• _Action item_: Nothing is needed except the lines below that run from the one with "ws r \<in> X1" through the one with "(Suc r)) \<longlonglongrightarrow>", repeated exactly.

• _Data records_:
□ □ □ □ □
lemma matvec_step_change_abs:
  assumes "admissible x" "j < m"
  shows "\<bar>Ax (step t x) j - Ax x j\<bar> \<le> 1.1 * \<alpha> * (\<Sum>i<n. A j i * (x i * \<bar>bucket t x i\<bar>))"
proof -
  have "\<bar>Ax (step t x) j - Ax x j\<bar> \<le> (\<Sum>i<n. \<bar>A j i * (x i * (exp (- \<alpha> * bucket t x i) - 1))\<bar>)"
    unfolding matvec_step_change unfolding matvec_def by (rule sum_abs)
  also have "\<dots> = (\<Sum>i<n. A j i * \<bar>x i * (exp (- \<alpha> * bucket t x i) - 1)\<bar>)"
    using A_nonneg[OF assms(2)] by (intro sum.cong) (auto simp: abs_mult)
  also have "\<dots> \<le> (\<Sum>i<n. A j i * (1.1 * \<alpha> * (x i * \<bar>bucket t x i\<bar>)))"
  proof (intro sum_mono mult_left_mono)
    fix i assume "i \<in> {..<n}"
    thus "\<bar>x i * (exp (- \<alpha> * bucket t x i) - 1)\<bar> \<le> 1.1 * \<alpha> * (x i * \<bar>bucket t x i\<bar>)"
      using step_change_abs bucket_props(5) admissible_pos[OF assms(1)] by (simp add: less_imp_le)
    show "0 \<le> A j i" using A_nonneg[OF assms(2)] \<open>i \<in> {..<n}\<close> by simp
  qed
  also have "\<dots> = 1.1 * \<alpha> * (\<Sum>i<n. A j i * (x i * \<bar>bucket t x i\<bar>))"
    by (simp add: sum_distrib_left mult_ac)
  finally show ?thesis .
qed

text \<open>Second-order bound for one penalty term; the constraint moves by at most \<open>0.11 \<mu>\<close>
  because the step changes each moved coordinate by a relative amount \<open>O(\<alpha> width t)\<close>.\<close>
lemma step_penalty_change:
  assumes "admissible x" "j < m"
  shows "\<mu> * (pen (step t x) j - pen x j)
    \<le> pen x j * (Ax (step t x) j - Ax x j) + 0.242 * \<alpha> * (pen x j * (\<Sum>i<n. A j i * (x i * (bucket t x i)\<^sup>2)))"
proof -
  define D where "D = Ax (step t x) j - Ax x j"
  define R where "R = (\<Sum>i<n. A j i * (x i * \<bar>bucket t x i\<bar>))"
  define Q where "Q = (\<Sum>i<n. A j i * (x i * (bucket t x i)\<^sup>2))"
  note RM = row_bucket_mass[OF assms, of t, folded R_def Q_def]
  have D_le: "\<bar>D\<bar> \<le> 1.1 * \<alpha> * R"
    unfolding D_def R_def using matvec_step_change_abs[OF assms] .
  have "\<bar>D / \<mu>\<bar> = \<bar>D\<bar> / \<mu>" using mu_pos by simp
  also have "\<dots> \<le> 1.1 * \<alpha> * R / \<mu>" using D_le mu_pos by (intro divide_right_mono) auto
  also have "\<dots> = 1.1 * R / 20" unfolding alpha_eq using mu_pos by simp
  also have "\<dots> \<le> 0.11 * width t" using RM(2) by simp
  finally have D_mu: "\<bar>D / \<mu>\<bar> \<le> 0.11 * width t" .
  have "\<mu> * (D / \<mu>)\<^sup>2 = (\<mu> * \<bar>D / \<mu>\<bar>) * \<bar>D / \<mu>\<bar>" by (simp add: power2_eq_square abs_mult_self)
  also have "\<dots> \<le> (1.1 * \<alpha> * R) * (0.11 * width t)"
  proof (rule mult_mono)
    show "\<mu> * \<bar>D / \<mu>\<bar> \<le> 1.1 * \<alpha> * R" using D_le mu_pos by (simp add: abs_divide)
  qed (use D_mu RM(1) alpha_pos in auto)
  also have "\<dots> = 0.121 * \<alpha> * (R * width t)" by simp
  also have "\<dots> \<le> 0.242 * \<alpha> * Q" using RM(3) alpha_pos by simp
  finally have sq: "\<mu> * (D / \<mu>)\<^sup>2 \<le> 0.242 * \<alpha> * Q" .
  have "0.11 * width t \<le> 1" by simp
  hence "\<bar>D / \<mu>\<bar> \<le> 1" using D_mu by linarith
  hence "exp (D / \<mu>) - 1 \<le> D / \<mu> + (D / \<mu>)\<^sup>2" using exp_le_quadratic by fastforce
  hence "\<mu> * pen x j * (exp (D / \<mu>) - 1) \<le> \<mu> * pen x j * (D / \<mu> + (D / \<mu>)\<^sup>2)"
    using mu_pos pen_pos[of x j] by (intro mult_left_mono) auto
  also have "\<dots> = pen x j * D + pen x j * (\<mu> * (D / \<mu>)\<^sup>2)" using mu_pos by (simp add: algebra_simps)
  also have "\<dots> \<le> pen x j * D + pen x j * (0.242 * \<alpha> * Q)"
    using sq pen_pos[of x j] by (intro add_left_mono mult_left_mono) auto
  finally have "\<mu> * pen x j * (exp (D / \<mu>) - 1) \<le> pen x j * D + pen x j * (0.242 * \<alpha> * Q)" .
  moreover have "pen (step t x) j = pen x j * exp (D / \<mu>)"
    unfolding pj_def D_def by (simp add: exp_add[symmetric] diff_divide_distrib)
  ultimately show ?thesis unfolding D_def[symmetric] Q_def[symmetric] by (simp add: algebra_simps)
qed

lemma coordinate_descent:
  fixes t :: nat
  assumes "admissible x" "i < n"
  defines "v \<equiv> bucket t x i" and "g \<equiv> grad x i"
  shows "x i * (exp (- \<alpha> * v) - 1) * g + 0.242 * \<alpha> * (x i * (v\<^sup>2 * (1 + g)))
    \<le> - (\<alpha> / 2) * (x i * (v * g))"
proof -
  have x0: "0 \<le> x i" using admissible_pos[OF assms(1,2)] by simp
  note vp = bucket_props[OF assms(2), of t x, folded v_def g_def]
  define P where "P = \<alpha> * (x i * (v * g))"
  have "x i * (exp (- \<alpha> * v) - 1) * g \<le> - 0.99 * \<alpha> * (x i * (v * g))"
    using step_change_mult_grad[OF x0 vp(5,6,7,3)] .
  hence a: "x i * (exp (- \<alpha> * v) - 1) * g \<le> - (99/100) * P" unfolding P_def by simp
  have "x i * (v\<^sup>2 * (1 + g)) \<le> x i * (2 * (v * g))"
    using vp(4) x0 by (intro mult_left_mono) auto
  hence "0.242 * \<alpha> * (x i * (v\<^sup>2 * (1 + g))) \<le> 0.242 * \<alpha> * (x i * (2 * (v * g)))"
    by (rule mult_left_mono) (use alpha_pos in auto)
  hence b: "0.242 * \<alpha> * (x i * (v\<^sup>2 * (1 + g))) \<le> (484/1000) * P" unfolding P_def by simp
  have "0 \<le> P" unfolding P_def using alpha_pos x0 vp(3) by simp
  thus ?thesis using a b unfolding P_def by linarith
qed

lemma descent:
  assumes "admissible x"
  shows "f\<^sub>\<mu> (step t x) \<le> f\<^sub>\<mu> x - \<alpha> / 2 * (\<Sum>i<n. x i * (bucket t x i * grad x i))"
proof -
  define v where "v i = bucket t x i" for i
  define g where "g i = grad x i" for i
  define d where "d i = x i * (exp (- \<alpha> * v i) - 1)" for i
  define q where "q i = x i * (v i)\<^sup>2" for i
  have "f\<^sub>\<mu> (step t x) - f\<^sub>\<mu> x = - (\<Sum>i<n. d i) + (\<Sum>j<m. \<mu> * (pen (step t x) j - pen x j))"
    unfolding f_mu_def alg_step_def d_def v_def
    by (simp add: sum.distrib sum_subtractf sum_distrib_left algebra_simps)
  also have "\<dots> \<le> - (\<Sum>i<n. d i) + (\<Sum>j<m. pen x j * matvec n A d j + 0.242 * \<alpha> * (pen x j * matvec n A q j))"
    using step_penalty_change[OF assms] unfolding matvec_step_change
    by (intro add_left_mono sum_mono) (simp add: d_def v_def q_def matvec_def)
  also have "\<dots> = - (\<Sum>i<n. d i) + (\<Sum>i<n. d i * (1 + g i)) + 0.242 * \<alpha> * (\<Sum>i<n. q i * (1 + g i))"
    unfolding sum.distrib sum_distrib_left[symmetric] sum_mult_matvec_swap g_def sum_A_pen
    by (simp add: sum_distrib_left mult_ac)
  also have "\<dots> = (\<Sum>i<n. d i * g i + 0.242 * \<alpha> * (x i * ((v i)\<^sup>2 * (1 + g i))))"
  proof -
    have "(\<Sum>i<n. d i * (1 + g i)) = (\<Sum>i<n. d i) + (\<Sum>i<n. d i * g i)"
      by (simp add: distrib_left sum.distrib)
    moreover have "0.242 * \<alpha> * (\<Sum>i<n. q i * (1 + g i)) = (\<Sum>i<n. 0.242 * \<alpha> * (x i * ((v i)\<^sup>2 * (1 + g i))))"
      unfolding sum_distrib_left q_def by (simp only: mult_ac)
    ultimately show ?thesis by (simp add: sum.distrib)
  qed
  also have "\<dots> \<le> (\<Sum>i<n. - (\<alpha> / 2) * (x i * (v i * g i)))"
    using coordinate_descent[OF assms, of _ t] unfolding d_def v_def g_def by (intro sum_mono) simp
  also have "\<dots> = - (\<alpha> / 2) * (\<Sum>i<n. x i * (bucket t x i * grad x i))"
    unfolding v_def g_def by (simp add: sum_distrib_left)
  finally show ?thesis by simp
qed
lemma convex_X1:
  assumes "\<forall>i\<in>{1..M}. A i \<in> carrier_mat n n \<and> B2 i \<in> carrier_mat n m" "B1 \<in> carrier_mat n l"
    and "w1 \<in> X1 n m M A B2 B1" "w2 \<in> X1 n m M A B2 B1" "0 \<le> t" "t \<le> 1"
  shows "(1 - t) \<cdot>\<^sub>v w1 + t \<cdot>\<^sub>v w2 \<in> X1 n m M A B2 B1"
proof -
  have w: "w1 \<in> carrier_vec ((m + n) * (m + n))" "w2 \<in> carrier_vec ((m + n) * (m + n))"
    "lmi_feasible n m M A B2 B1 (unvec (m + n) w1)" "lmi_feasible n m M A B2 B1 (unvec (m + n) w2)"
    using assms(3,4) by (simp_all add: X1_iff_lmi_feasible)
  then have "lmi_feasible n m M A B2 B1 (unvec (m + n) ((1 - t) \<cdot>\<^sub>v w1 + t \<cdot>\<^sub>v w2))"
    unfolding unvec_lincomb[OF w(1,2)]
    by (intro lmi_feasible_convex_comb[OF assms(1,2) unvec_carrier unvec_carrier _ _ assms(5,6)])
  then show ?thesis using w(1,2) by (simp add: X1_iff_lmi_feasible)
qed

lemma closed_X1:
  assumes "\<forall>i\<in>{1..M}. A i \<in> carrier_mat n n \<and> B2 i \<in> carrier_mat n m" "B1 \<in> carrier_mat n l"
    and "\<And>r. ws r \<in> X1 n m M A B2 B1" "w \<in> carrier_vec ((m + n) * (m + n))"
    and "converges_coordwise ((m + n) * (m + n)) ws w"
  shows "w \<in> X1 n m M A B2 B1"
proof -
  have "lmi_feasible n m M A B2 B1 (unvec (m + n) w)"
  proof (rule lmi_feasible_limit[OF assms(1,2), where Ws = "\<lambda>r. unvec (m + n) (ws r)"])
    show "lmi_feasible n m M A B2 B1 (unvec (m + n) (ws r))" for r
      using assms(3) X1_iff_lmi_feasible by blast
    show "(\<lambda>r. unvec (m + n) (ws r) $$ (a, b)) \<longlonglongrightarrow> unvec (m + n) w $$ (a, b)"
      if "a < m + n" "b < m + n" for a b
      using assms(5) that column_major_index_less unfolding converges_coordwise_def by simp
  qed simp_all
  then show ?thesis using assms(4) by (simp add: X1_iff_lmi_feasible)
qed

section \<open>Descent, proximal steps and directional derivatives\<close>

lemma sufficient_decrease_tendsto_zero:
  fixes \<Phi> \<Delta> :: "nat \<Rightarrow> real"
  assumes decrease: "\<And>r. \<Phi> (Suc r) + \<Delta> r \<le> \<Phi> r" and nonneg: "\<And>r. 0 \<le> \<Delta> r"
    and bounded: "\<And>r. L \<le> \<Phi> r"
  shows "\<Delta> \<longlonglongrightarrow> 0"
proof -
  have "\<Phi> (Suc r) \<le> \<Phi> r" for r
    using decrease[of r] nonneg[of r] by linarith
  then have "decseq \<Phi>"
    by (rule decseq_SucI)
  then obtain l where "\<Phi> \<longlonglongrightarrow> l"
    using bounded decseq_convergent by blast
  then have lim: "(\<lambda>r. \<Phi> r - \<Phi> (Suc r)) \<longlonglongrightarrow> 0"
    using tendsto_diff[OF _ LIMSEQ_Suc] by fastforce
  have le: "\<Delta> r \<le> \<Phi> r - \<Phi> (Suc r)" for r
    using decrease[of r] by linarith
  show ?thesis
    by (rule tendsto_sandwich[OF _ _ tendsto_const lim]) (simp_all add: always_eventually nonneg le)
qed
□ □ □ □ □
• _Solution for this problem_:
    and "\<And>r. ws r \<in> X1 n m M A B2 B1" "w \<in> carrier_vec ((m + n) * (m + n))"
    and "converges_coordwise ((m + n) * (m + n)) ws w"
  shows "w \<in> X1 n m M A B2 B1"
proof -
  have "lmi_feasible n m M A B2 B1 (unvec (m + n) w)"
  proof (rule lmi_feasible_limit[OF assms(1,2), where Ws = "\<lambda>r. unvec (m + n) (ws r)"])
    show "lmi_feasible n m M A B2 B1 (unvec (m + n) (ws r))" for r
      using assms(3) X1_iff_lmi_feasible by blast
    show "(\<lambda>r. unvec (m + n) (ws r) $$ (a, b)) \<longlonglongrightarrow> unvec (m + n) w $$ (a, b)"
      if "a < m + n" "b < m + n" for a b
      using assms(5) that column_major_index_less unfolding converges_coordwise_def by simp
  qed simp_all
  then show ?thesis using assms(4) by (simp add: X1_iff_lmi_feasible)
qed

section \<open>Descent, proximal steps and directional derivatives\<close>

lemma sufficient_decrease_tendsto_zero:
  fixes \<Phi> \<Delta> :: "nat \<Rightarrow> real"
  assumes decrease: "\<And>r. \<Phi> (Suc r) + \<Delta> r \<le> \<Phi> r" and nonneg: "\<And>r. 0 \<le> \<Delta> r"
    and bounded: "\<And>r. L \<le> \<Phi> r"
  shows "\<Delta> \<longlonglongrightarrow> 0"
proof -
  have "\<Phi> (Suc r) \<le> \<Phi> r" for r
    using decrease[of r] nonneg[of r] by linarith
  then have "decseq \<Phi>"
    by (rule decseq_SucI)
  then obtain l where "\<Phi> \<longlonglongrightarrow> l"
    using bounded decseq_convergent by blast
  then have lim: "(\<lambda>r. \<Phi> r - \<Phi> (Suc r)) \<longlonglongrightarrow> 0"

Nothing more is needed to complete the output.